Conflict in the Office – Oh My! (Part 1 of 2)

Date Published: 2010-02-26
Author: Christina Harris Schwinn

Conflict in the workplace is an inevitability that we all deal with on a fairly regular basis. Whether you view conflicts in the workplace as a challenge or an annoyance will depend on your perspective. Encountering difficult people–or jerks, depending on your perspective—is a fact of life and is unavoidable, especially in the work environment. While I am not a licensed psychologist, I have encountered difficult employees during my many years of practicing law and counsel clients regularly on how to address such situations. Dealing with difficult employees in the workplace presents challenges for managers and supervisors. Oftentimes, managers and supervisors choose to take the path of least resistance and avoid addressing conflict issues in the workplace. The nature of the conflict that is occurring will determine whether or not a manager or supervisor needs to intervene and take appropriate corrective action. While ignoring the occasional inappropriate comment may be the appropriate approach in certain circumstances, continuing to ignore such conduct and disruptive employees in the workplace is not in the best interests of the employer as it will adversely affect employee morale, escalate and could create liability for the employer.

Managers and supervisors should be called upon to set the proper tone for employee interactions in the workplace. It should be a given that employees are expected to treat their colleagues and customers with respect. Oftentimes, I counsel clients regarding issues relating to disruptive employees only to learn that the problem has existed for a very long time. The longer the problem persists, the more difficult it becomes to correct. When questioned about why the objectionable conduct was allowed to persist for so long, I often hear responses like “the employee is absolutely invaluable and the business cannot run without this particular employee and I was afraid if I tried to counsel him that he would quit.” I also frequently encounter managers who acknowledge that an individual is disruptive, difficult to work with and a jerk, but they do nothing because they are not sure of what to do. While a disruptive employee may be perceived to be contributing to the business’ bottom line from a financial perspective, note that there are hidden costs that a business absorbs as a result of not addressing such problems, e.g. lost productivity and the loss of good employees who seek employment elsewhere because they just cannot take it anymore. While managers and supervisors cannot guarantee that their work environments will be happy ones, managers and supervisors can take charge and take constructive steps to ensure that disruptive employees change their behavior or are shown their way to the door.

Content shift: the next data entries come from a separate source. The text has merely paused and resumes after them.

lemma pmult_eq_poly_times:
  assumes m: "m \<in> expvecs n" and p: "is_poly n p"
  shows "pmult p g m = poly_times p g m"
proof -
  have "pmult p g m = (\<Sum>a\<in>{a. a \<le> m} \<inter> {a. p a \<noteq> 0}. p a * g (\<lambda>v. m v - a v))"
    unfolding pmult_def using finite_le_expvec[OF m] by (intro sum.mono_neutral_right) auto
  also have "\<dots> = (\<Sum>a\<in>{a. p a \<noteq> 0}. p a * xmon a g m)"
    using p by (intro sum.mono_neutral_cong_left) (auto simp: xmon_def is_poly_def)
  finally show ?thesis by (simp add: poly_times_def)
qed

lemma ore_op_annihilates:
  assumes f: "is_series n f" and i: "i < n" and l: "ore_op n l"
    and ann: "\<forall>m\<in>expvecs n. apply_ore i l f m = 0"
  shows "(\<Sum>j\<in>{j. l j \<noteq> (\<lambda>_. 0)}. poly_times (l j) ((dvar i ^^ j) f)) = 0"
proof (rule ext)
  fix m
  let ?Lf = "\<Sum>j\<in>{j. l j \<noteq> (\<lambda>_. 0)}. poly_times (l j) ((dvar i ^^ j) f)"
  show "?Lf m = 0 m"
  proof (cases "m \<in> expvecs n")
    case True
    then have "?Lf m = apply_ore i l f m"
      using l by (simp add: sum_fun_apply apply_ore_def pmult_eq_poly_times ore_op_def)
    then show ?thesis using ann True by simp
  next
    case False
    have "is_series n ?Lf"
      using l by (intro is_series_sum is_series_poly_times is_series_funpow_dvar i f) (auto simp: ore_op_def)
    then show ?thesis using False by (simp add: is_series_def)
  qed
qed

definition annihilators ::
    "nat \<Rightarrow> ((nat \<Rightarrow> nat) \<Rightarrow> 'a::field) \<Rightarrow> (nat \<Rightarrow> nat \<Rightarrow> (nat \<Rightarrow> nat) \<Rightarrow> 'a) \<Rightarrow> nat \<Rightarrow> bool" where
  "annihilators n f L d \<longleftrightarrow> is_series n f \<and> (\<forall>i<n. ore_op n (L i) \<and> L i \<noteq> (\<lambda>_ _. 0) \<and>
     (\<forall>m\<in>expvecs n. apply_ore i (L i) f m = 0) \<and> op_degree n (L i) \<le> d)"

definition lcoeff :: "(nat \<Rightarrow> nat \<Rightarrow> (nat \<Rightarrow> nat) \<Rightarrow> 'a::zero) \<Rightarrow> nat \<Rightarrow> (nat \<Rightarrow> nat) \<Rightarrow> 'a" where
  "lcoeff L i = L i (op_order (L i))"

lemma op_order_max:
  assumes "ore_op n l" "l \<noteq> (\<lambda>_. 0)"
  shows "l (op_order l) \<noteq> (\<lambda>_. 0)" "l j \<noteq> (\<lambda>_. 0) \<Longrightarrow> j \<le> op_order l"
proof -
  let ?S = "{j. l j \<noteq> (\<lambda>_. 0)}"
  have fin: "finite ?S" using assms(1) by (simp add: ore_op_def)
  have ne: "?S \<noteq> {}" using assms(2) by (auto simp: fun_eq_iff)
  have "op_order l = Max ?S"
    unfolding op_order_def using fin ne by (simp add: max_def Max_insert[symmetric])
  then show "l (op_order l) \<noteq> (\<lambda>_. 0)" "l j \<noteq> (\<lambda>_. 0) \<Longrightarrow> j \<le> op_order l"
    using Max_in[OF fin ne] fin by auto
qed

lemma tdeg_le_op_degree:
  assumes "ore_op n l" "l j \<noteq> (\<lambda>_. 0)" shows "tdeg n (l j) \<le> op_degree n l"
proof -
  have "finite {tdeg n (l j) | j. l j \<noteq> (\<lambda>_. 0)}"
    using assms(1) by (simp add: ore_op_def setcompr_eq_image)
  then show ?thesis unfolding op_degree_def using assms(2) by (intro Max_ge) auto
qed

lemma annihilators_coeff:
  assumes "annihilators n f L d" "i < n" "L i j \<noteq> (\<lambda>_. 0)"
  shows "is_poly n (L i j)" "tdeg n (L i j) \<le> d" "j \<le> op_order (L i)"
proof -
  have L: "ore_op n (L i)" "L i \<noteq> (\<lambda>_. 0)" "op_degree n (L i) \<le> d"
    using assms(1,2) by (auto simp: annihilators_def fun_eq_iff)
  show "is_poly n (L i j)" using L by (simp add: ore_op_def)
  show "tdeg n (L i j) \<le> d" using tdeg_le_op_degree[OF L(1) assms(3)] L(3) by simp
  show "j \<le> op_order (L i)" using op_order_max(2)[OF L(1,2) assms(3)] .
qed

lemma annihilators_lcoeff:
  assumes "annihilators n f L d" "i < n"
  shows "lcoeff L i \<noteq> (\<lambda>_. 0)" "is_poly n (lcoeff L i)" "tdeg n (lcoeff L i) \<le> d"
proof -
  have "ore_op n (L i)" "L i \<noteq> (\<lambda>_. 0)" using assms by (auto simp: annihilators_def fun_eq_iff)
  then show nz: "lcoeff L i \<noteq> (\<lambda>_. 0)" using op_order_max(1) by (simp add: lcoeff_def)
  show "is_poly n (lcoeff L i)" "tdeg n (lcoeff L i) \<le> d"
    using annihilators_coeff[OF assms nz[unfolded lcoeff_def]] by (simp_all add: lcoeff_def)
qed

lemma poly_times_pder_in_span:
  assumes "is_poly n p" "tdeg n p \<le> d" "\<delta> \<in> \<Gamma>"
  shows "poly_times p (pder n \<delta> f) \<in> mon_deriv_span n f (deg_le n d) \<Gamma>"
proof (rule mon_deriv_span_poly_times[OF _ pder_in_span[OF zero_in_deg_le[of n 0] assms(3)]])
  show "a + \<beta> \<in> deg_le n d" if "p a \<noteq> 0" "\<beta> \<in> deg_le n 0" for a \<beta>
    using deg_le_add[OF poly_support_deg_le[OF assms(1,2) that(1)] that(2)] by simp
qed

Depending on the nature of the disruptive employee’s behavior, such behavior can lead to liability for an employer especially if the employee’s disruptive behavior, belligerence, or actions are targeted towards individuals in a protected class, for example women or minorities. A recent decision from the Eleventh District Court of Appeals in a case that was based solely upon a theory of hostile work environment based upon sex reminds us that failing to take corrective action when appropriate is improper. As a matter of background, the plaintiff worked in an environment with men and management had allowed a sexually offensive environment to proliferate that adversely impacted her ability to perform her job duties. There were no allegations that any manager had sexually harassed her, but rather the case was premised upon the offensive conduct and the fact that complaints to management about the inappropriate, sexually offensive conduct were not addressed, but ignored. While the case referenced above has been remanded to the District Court for further action, the case stands as a wakeup call to employers and puts them on notice that employers can be held responsible for employee misconduct. Whether the case I mentioned above will open the door to more cases being filed in the future based solely on a hostile work environment remains to be seen.

Employers covered under Title VII of the Civil Rights Act (“Title VII”) are required to establish antidiscrimination and sexual harassment policies which should be reviewed and updated to keep pace with changes in the law. While Title VII only covers employers that employ 15 or more employees, Lee County’s equal employment ordinance covers employers with 5 or more employees. The policies should be written, distributed to employees, and periodic training provided to employees to ensure that employees are aware of the policies and understand the difference between acceptable and unacceptable conduct.

When an employee complains of inappropriate conduct in the workplace it is incumbent upon management to take those complaints seriously and to investigate them and, when appropriate, to take action including appropriate disciplinary action against the employee who is accused of the conduct (not the employee who complained), including termination, if warranted. As I write this article, I am reminded of some of the outrageous responses I have heard over the years given by managers to an employee who complains of harassment, e.g. “You must be having a bad hair day. Get out of my office, I don’t have time for this.” Trust me, the quote is a direct quote that the manager wishes he never made. There is a better way to respond.

Next month’s article will discuss how to address improper employee conduct in the workplace.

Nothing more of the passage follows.